What do you think?

amsterjo

Cathlete
There was a lady on GMA today fighting the Junk food at school. She called is second hand junk food : ie: Birthday cupcakes, pop tarts, teachers hand out candy as rewards. She may be going a bit over board in her methods but I applaud her. IMO the food that our schools server our children is atrocious. What does everyone think?
 

cindi1

Cathlete
Our school district has switched to healthier treats. Holiday parties allow for 1 treat and the rest of the food needs to be relatively healthy - pretzels, cheese, fruit, etc.

They still allow kids to bring in birthday treats but they stopped giving out candy as rewards/prizes.

The lunch program has also improved in the past few years - they have a salad bar available every day along with carrots, and fruit for sides.

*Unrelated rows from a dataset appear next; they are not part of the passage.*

text \<open>This is \<open>ln y \<le> y - 1\<close> at \<open>y = |a| / sqrt q\<close>; integrating the two exponentials against
  the Gaussian turns it into the moment bound that follows.\<close>

lemma abs_powr_le_exp:
  fixes q a :: real
  assumes q: "0 < q"
  shows "\<bar>a\<bar> powr q \<le> q powr (q / 2) * exp (- q) * (exp (sqrt q * a) + exp (- sqrt q * a))"
proof (cases "a = 0")
  case True
  then show ?thesis by simp
next
  case False
  define y where "y = \<bar>a\<bar> / sqrt q"
  have y: "0 < y" using False q unfolding y_def by simp
  have ay: "\<bar>a\<bar> = y * sqrt q" unfolding y_def using q by simp
  have ln_a: "ln \<bar>a\<bar> = ln y + ln q / 2"
    unfolding ay using y q by (simp add: ln_mult ln_sqrt)
  have qy: "q * y = sqrt q * \<bar>a\<bar>"
  proof -
    have "q = sqrt q * sqrt q" using q by simp
    then show ?thesis unfolding ay by (metis mult.assoc mult.commute)
  qed
  have "q * ln y \<le> q * (y - 1)"
    using ln_le_minus_one[OF y] q by (intro mult_left_mono) auto
  then have key: "q * ln \<bar>a\<bar> \<le> q / 2 * ln q - q + sqrt q * \<bar>a\<bar>"
    using ln_a qy by (simp add: algebra_simps)
  have "\<bar>a\<bar> powr q = exp (q * ln \<bar>a\<bar>)" using False by (simp add: powr_def mult.commute)
  also have "\<dots> \<le> exp (q / 2 * ln q - q + sqrt q * \<bar>a\<bar>)" using key by simp
  also have "\<dots> = q powr (q / 2) * exp (- q) * exp (sqrt q * \<bar>a\<bar>)"
  proof -
    have "q powr (q / 2) = exp (q / 2 * ln q)" using q by (simp add: powr_def)
    then show ?thesis by (simp only: mult_exp_exp) simp
  qed
  also have "\<dots> \<le> q powr (q / 2) * exp (- q) * (exp (sqrt q * a) + exp (- sqrt q * a))"
  proof (rule mult_left_mono)
    show "exp (sqrt q * \<bar>a\<bar>) \<le> exp (sqrt q * a) + exp (- sqrt q * a)"
      by (cases "a \<ge> 0") (auto simp: add_increasing add_increasing2 less_imp_le)
  qed simp
  finally show ?thesis .
qed

lemma nn_integral_abs_blk_inner_powr_le:
  assumes k: "k < K" and q: "0 < q" and v: "(\<Sum>i<m. (v i)\<^sup>2) = 1"
  shows "(\<integral>\<^sup>+x. ennreal (\<bar>blk_inner m v x k\<bar> powr q) \<partial>gauss_vec (m * K)) \<le> ennreal (2 * q powr (q / 2))"
proof -
  define A where "A = q powr (q / 2) * exp (- q)"
  have A: "0 \<le> A" unfolding A_def by simp
  have "(\<integral>\<^sup>+x. ennreal (\<bar>blk_inner m v x k\<bar> powr q) \<partial>gauss_vec (m * K)) \<le>
        (\<integral>\<^sup>+x. ennreal A * (ennreal (exp (sqrt q * blk_inner m v x k))
                            + ennreal (exp (- sqrt q * blk_inner m v x k))) \<partial>gauss_vec (m * K))"
  proof (intro nn_integral_mono)
    fix x
    have "ennreal (\<bar>blk_inner m v x k\<bar> powr q)
          \<le> ennreal (A * (exp (sqrt q * blk_inner m v x k) + exp (- sqrt q * blk_inner m v x k)))"
      unfolding A_def by (intro ennreal_leI abs_powr_le_exp q)
    then show "ennreal (\<bar>blk_inner m v x k\<bar> powr q) \<le> ennreal A * (ennreal (exp (sqrt q * blk_inner m v x k))
                            + ennreal (exp (- sqrt q * blk_inner m v x k)))"
      using A by (simp add: ennreal_mult)
  qed
  also have "\<dots> = ennreal A * (ennreal (exp (q / 2)) + ennreal (exp (q / 2)))"
    using nn_integral_exp_blk_inner[OF k, where l = "sqrt q"] nn_integral_exp_blk_inner[OF k, where l = "- sqrt q"] v q
    by (simp add: nn_integral_cmult nn_integral_add)
  also have "\<dots> = ennreal (2 * q powr (q / 2) * exp (- (q / 2)))"
  proof -
    have "exp (- q) * exp (q / 2) = exp (- (q / 2))" by (simp add: mult_exp_exp)
    then show ?thesis
      using A unfolding A_def
      by (simp add: ennreal_mult'[symmetric] ennreal_plus[symmetric] algebra_simps del: ennreal_plus)
  qed
  also have "\<dots> \<le> ennreal (2 * q powr (q / 2))"
    using q by (intro ennreal_leI) simp
  finally show ?thesis .
qed

lemma nn_integral_blk_inner_square_le:
  assumes "k < K" "(\<Sum>i<m. (v i)\<^sup>2) = 1"
  shows "(\<integral>\<^sup>+x. ennreal ((blk_inner m v x k)\<^sup>2) \<partial>gauss_vec (m * K)) \<le> 4"
  using nn_integral_abs_blk_inner_powr_le[OF assms(1) _ assms(2), of 2] by simp

lemma nn_integral_component_square_le:
  assumes "k < K" "i < m"
  shows "(\<integral>\<^sup>+x. ennreal ((x (m * k + i))\<^sup>2) \<partial>gauss_vec (m * K)) \<le> 4"
proof -
  let ?e = "\<lambda>l. if l = i then 1 else 0 :: real"
  have "blk_inner m ?e x k = x (m * k + i)" for x
    unfolding blk_inner_def using assms(2)
    by (subst sum.cong[OF refl, where h = "\<lambda>l. if l = i then x (m * k + i) else 0"]) auto
  moreover have "(\<Sum>l<m. (?e l)\<^sup>2) = 1"
    using assms(2) by (subst sum.cong[OF refl, where h = "\<lambda>l. if l = i then 1 else 0"]) auto
  ultimately show ?thesis
    using nn_integral_blk_inner_square_le[OF assms(1), where m = m and v = ?e] by simp
qed

lemma powr_add_le:
  fixes x y p :: real
  assumes "0 \<le> x" "0 \<le> y" "0 \<le> p"
  shows "(x + y) powr p \<le> 2 powr p * (x powr p + y powr p)"
proof -
  have "(x + y) powr p \<le> (2 * max x y) powr p"
    using assms by (intro powr_mono2) auto
  also have "\<dots> = 2 powr p * max x y powr p"
    using assms by (simp add: powr_mult)
  also have "max x y powr p \<le> x powr p + y powr p"
    by (simp add: max_def)
  finally show ?thesis by (simp add: mult_left_mono)
qed

lemma nn_integral_blk_inner_shifted_powr_le:
  assumes k: "k < K" and p: "1 \<le> p" and v: "(\<Sum>i<m. (v i)\<^sup>2) = 1"
  shows "(\<integral>\<^sup>+x. ennreal (((blk_inner m v x k)\<^sup>2 + 8) powr p) \<partial>gauss_vec (m * K))
           \<le> ennreal (3 * (16 * p) powr p)"
proof -
  interpret prob_space "gauss_vec (m * K)" by (rule prob_space_gauss_vec)
  let ?b = "\<lambda>x. blk_inner m v x k"
  have "(\<integral>\<^sup>+x. ennreal (((?b x)\<^sup>2 + 8) powr p) \<partial>gauss_vec (m * K))
        \<le> (\<integral>\<^sup>+x. ennreal (2 powr p) * (ennreal (\<bar>?b x\<bar> powr (2 * p)) + ennreal (8 powr p)) \<partial>gauss_vec (m * K))"
  proof (intro nn_integral_mono)
    fix x
    have "((?b x)\<^sup>2) powr p = \<bar>?b x\<bar> powr (2 * p)"
      by (simp add: powr_powr[symmetric])
    then have "((?b x)\<^sup>2 + 8) powr p \<le> 2 powr p * (\<bar>?b x\<bar> powr (2 * p) + 8 powr p)"
      using powr_add_le[of "(?b x)\<^sup>2" 8 p] p by simp
    then have "ennreal (((?b x)\<^sup>2 + 8) powr p) \<le> ennreal (2 powr p * (\<bar>?b x\<bar> powr (2 * p) + 8 powr p))"
      by (rule ennreal_leI)
    then show "ennreal (((?b x)\<^sup>2 + 8) powr p) \<le> ennreal (2 powr p) * (ennreal (\<bar>?b x\<bar> powr (2 * p)) + ennreal (8 powr p))"
      by (simp add: ennreal_mult')
  qed
  also have "\<dots> = ennreal (2 powr p) * ((\<integral>\<^sup>+x. ennreal (\<bar>?b x\<bar> powr (2 * p)) \<partial>gauss_vec (m * K)) + ennreal (8 powr p))"
    by (simp add: nn_integral_cmult nn_integral_add emeasure_space_1)
  also have "\<dots> \<le> ennreal (2 powr p) * (ennreal (2 * (2 * p) powr p) + ennreal (8 powr p))"
    using nn_integral_abs_blk_inner_powr_le[OF k _ v, of "2 * p"] p
    by (intro mult_left_mono add_right_mono) auto
  also have "\<dots> = ennreal (2 powr p * (2 * (2 * p) powr p + 8 powr p))"
    by (simp add: ennreal_mult')
  also have "\<dots> \<le> ennreal (2 powr p * (3 * (8 * p) powr p))"
  proof (intro ennreal_leI mult_left_mono)
    have "(2 * p) powr p \<le> (8 * p) powr p" "(8::real) powr p \<le> (8 * p) powr p"
      using p by (auto intro!: powr_mono2)
    then show "2 * (2 * p) powr p + 8 powr p \<le> 3 * (8 * p) powr p" by simp
  qed simp
  also have "\<dots> = ennreal (3 * (16 * p) powr p)"
    using p by (simp add: powr_mult[symmetric])
  finally show ?thesis .
qed


section \<open>The centred Hessian form under the data distribution\<close>

lemma sets_data_measure [simp]:
  "sets (data_measure m K wstar) = sets (gauss_vec (m * K) \<Otimes>\<^sub>M count_space UNIV)"
  unfolding data_measure_def by simp

lemma measurable_data_measure [simp]:
  "measurable (data_measure m K wstar) N = measurable (gauss_vec (m * K) \<Otimes>\<^sub>M count_space UNIV) N"
  by (rule measurable_cong_sets) simp_all

lemma nn_integral_data_measure_le:
  assumes K: "K \<ge> 1" and f [measurable]: "f \<in> borel_measurable (gauss_vec (m * K))"
  shows "(\<integral>\<^sup>+z. f (fst z) \<partial>data_measure m K wstar) \<le> 2 * (\<integral>\<^sup>+x. f x \<partial>gauss_vec (m * K))"
proof -
  let ?G = "gauss_vec (m * K)" and ?C = "count_space (UNIV :: bool set)"
  let ?d = "\<lambda>(x, y). ennreal (if y then Hcnn m K wstar x else 1 - Hcnn m K wstar x)"
  interpret C: sigma_finite_measure ?C by (rule sigma_finite_measure_count_space_finite) simp
  have H: "0 \<le> Hcnn m K wstar x" "Hcnn m K wstar x \<le> 1" for x
    using avg_sigmoid_pos[OF K, of m x 1 wstar] avg_sigmoid_pos[OF K, of m x "-1" wstar]
    by (simp_all add: Hcnn_eq_avg_sigmoid flip: one_minus_Hcnn_eq_avg_sigmoid[OF K])
  have "(\<integral>\<^sup>+z. f (fst z) \<partial>data_measure m K wstar) = (\<integral>\<^sup>+z. ?d z * f (fst z) \<partial>(?G \<Otimes>\<^sub>M ?C))"
    unfolding data_measure_def Hcnn_def by (rule nn_integral_density) measurable
  also have "\<dots> \<le> (\<integral>\<^sup>+z. f (fst z) \<partial>(?G \<Otimes>\<^sub>M ?C))"
  proof (intro nn_integral_mono)
    fix z :: "(nat \<Rightarrow> real) \<times> bool"
    have "?d z \<le> 1" using H by (cases z) (auto simp: ennreal_le_1)
    then show "?d z * f (fst z) \<le> f (fst z)"
      using mult_right_mono[of "?d z" 1 "f (fst z)"] by simp
  qed
  also have "\<dots> = (\<integral>\<^sup>+x. \<integral>\<^sup>+y. f (fst (x, y)) \<partial>?C \<partial>?G)"
    by (rule C.nn_integral_fst[symmetric]) measurable
  also have "\<dots> = (\<integral>\<^sup>+x. 2 * f x \<partial>?G)"
    by (simp add: nn_integral_count_space_finite UNIV_bool mult_2 mult.commute[of _ 2])
  also have "\<dots> = 2 * (\<integral>\<^sup>+x. f x \<partial>?G)"
    by (simp add: nn_integral_cmult)
  finally show ?thesis .
qed


lemma measurable_label_sign_split:
  assumes "\<And>\<sigma>. (\<lambda>x. f x \<sigma>) \<in> borel_measurable (gauss_vec n)"
  shows "(\<lambda>z. f (fst z) (label_sign (snd z))) \<in> borel_measurable (gauss_vec n \<Otimes>\<^sub>M count_space UNIV)"
proof -
  note [measurable] = assms[of 1] assms[of "-1"]
  have "(\<lambda>z. f (fst z) (label_sign (snd z))) = (\<lambda>z. if snd z then f (fst z) 1 else f (fst z) (-1))"
    by (auto simp: label_sign_def)
  then show ?thesis by simp
qed

lemma integrable_hess_loss:
  assumes K: "K \<ge> 1" and ij: "i < m" "j < m"
  shows "integrable (data_measure m K wstar) (\<lambda>(x, y). hess (\<lambda>u. loss m K u x y) w i j)"
proof -
  let ?h = "\<lambda>z. nll_hess m K (fst z) (label_sign (snd z)) w i j"
  let ?b = "\<lambda>x. (real K + 1) * (\<Sum>k<K. (x (m * k + i))\<^sup>2 + (x (m * k + j))\<^sup>2)"
  have "(\<integral>\<^sup>+x. ennreal (?b x) \<partial>gauss_vec (m * K)) =
      ennreal (real K + 1) * (\<Sum>k<K. (\<integral>\<^sup>+x. ennreal ((x (m * k + i))\<^sup>2) \<partial>gauss_vec (m * K))
                                 + (\<integral>\<^sup>+x. ennreal ((x (m * k + j))\<^sup>2) \<partial>gauss_vec (m * K)))"
    by (simp add: ennreal_mult' sum_nonneg nn_integral_cmult nn_integral_sum nn_integral_add flip: sum_ennreal)
  also have "\<dots> \<le> ennreal (real K + 1) * (\<Sum>k<K. 4 + 4)"
    using nn_integral_component_square_le ij by (intro mult_left_mono sum_mono add_mono) auto
  also have "\<dots> < \<infinity>"
    by (simp add: ennreal_mult_less_top of_nat_less_top)
  finally have b: "(\<integral>\<^sup>+x. ennreal (?b x) \<partial>gauss_vec (m * K)) < \<infinity>" .
  have "(\<integral>\<^sup>+z. ennreal (norm (?h z)) \<partial>data_measure m K wstar) \<le> (\<integral>\<^sup>+z. ennreal (?b (fst z)) \<partial>data_measure m K wstar)"
    using abs_nll_hess_le[OF K abs_label_sign] by (intro nn_integral_mono ennreal_leI) simp
  also have "\<dots> \<le> 2 * (\<integral>\<^sup>+x. ennreal (?b x) \<partial>gauss_vec (m * K))"
    by (rule nn_integral_data_measure_le[OF K]) measurable
  also have "\<dots> < \<infinity>"
    using b by (simp add: ennreal_mult_less_top)
  finally have "integrable (data_measure m K wstar) ?h"
    by (intro integrableI_bounded) (auto intro!: measurable_label_sign_split nll_hess_measurable)
  moreover have "(\<lambda>(x, y). hess (\<lambda>u. loss m K u x y) w i j) = ?h"
    by (auto simp: hess_loss[OF K ij])
  ultimately show ?thesis by simp
qed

I'm actually pretty happy with what is served at our schools.
 

kathryn

Cathlete
There was a lady on GMA today fighting the Junk food at school. She called is second hand junk food : ie: Birthday cupcakes, pop tarts, teachers hand out candy as rewards. She may be going a bit over board in her methods but I applaud her. IMO the food that our schools server our children is atrocious. What does everyone think?
ITA!
I regularly go to presentations and workshops on teaching methodology, and every time a presenter mentions giving candies out as rewards, I cringe.

Another thing I find appalling is vending machines in schools. They are full of junk food (and perhaps a token piece of fruit or mineral water---though kids shouldn't have to pay for water), and even when companies agree to sell "healthier" products in them, it's still crap (like 'sports drinks' that are full of chemicals and artificial colors and crap, or 'granola bars' that are just glorified candy bars). But it's a hard fight, because schools are now making a pretty good income from their contracts with the vendors.

I've read about how companies want their products introduced to children as soon and as often as possible, because people develop brand loyalties from childhood, and getting kids to want Pepsi or Coca-Cola means they are more likely to continue to buy it as adults.

Wouldn't it be nice if, instead of vending machines, carts were set up selling (for cheap) organic fruits and nuts and fresh-made smoothies and things like that?

(Some schools that deal with children with behavioral problems that have gotten rid of all junk food and feed healthy things to their students have found that the behavioral problems are reduced just by that.)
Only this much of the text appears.